• EXERCISE DETAILS
Across the listing below, count every line where the string "scoring" appears, then give only the count.

*** TASK MATERIAL ***

(* Let $\mathcal{T}$ be a single-elimination tournament and $\mathcal{B}$ a set of brackets of $\mathcal{T}$. If there exist two distinct players $a,b$ such that $B_i(x_{a,b})\notin\{a,b\}$ for every $B_i\in\mathcal{B}$, then $\mathcal{B}$ is not $\sigma$-resolving for any scoring system $\sigma$.
   Context: A single-elimination tournament is a finite directed graph $\mathcal{T}$ such that: (a) $\mathcal{T}$ has exactly one sink (vertex with no out-neighbours); (b) every non-sink vertex has exactly one out-neighbour; (c) $\mathcal{T}$ has no directed cycles; (d) $|N^-(v)|\ne 1$ for every vertex $v$, where $N^-(v)$ denotes the set of in-neighbours of $v$. The players $P(\mathcal{T})$ are the sources and the matches are $M(\mathcal{T})=V(\mathcal{T})\setminus P(\mathcal{T})$. For a vertex $u$, $P(u)$ is the set of players $a$ for which there is a directed walk from $a$ to $u$ (length $0$ allowed). For distinct players $a,b$, $x_{a,b}$ denotes the unique match $x$ having in-neighbours $u_a,u_b\in N^-(x)$ with $P(u_a)\cap\{a,b\}=\{a\}$ and $P(u_b)\cap\{a,b\}=\{b\}$ (such a match exists and is unique). A bracket is a function $B:V(\mathcal{T})\to P(\mathcal{T})$ with $B(a)=a$ for every player $a$ and $B(x)\in\{B(u):u\in N^-(x)\}$ for every match $x$. A scoring system is any function $\sigma:M(\mathcal{T})\to\mathbb{R}_{>0}$. For brackets $B,B'$ let $\mathrm{score}_\sigma(B,B')=\sum_{x\in M(\mathcal{T}):\,B(x)=B'(x)}\sigma(x)$. A set of brackets $\mathcal{B}$ is $\sigma$-resolving if for every pair of distinct brackets $B\ne B'$ there is $B_i\in\mathcal{B}$ with $\mathrm{score}_\sigma(B_i,B)\ne\mathrm{score}_\sigma(B_i,B')$. *)

theory Defs
  imports Main "HOL.Real"
begin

*** End of TASK MATERIAL ***

• YOUR SOLUTION
2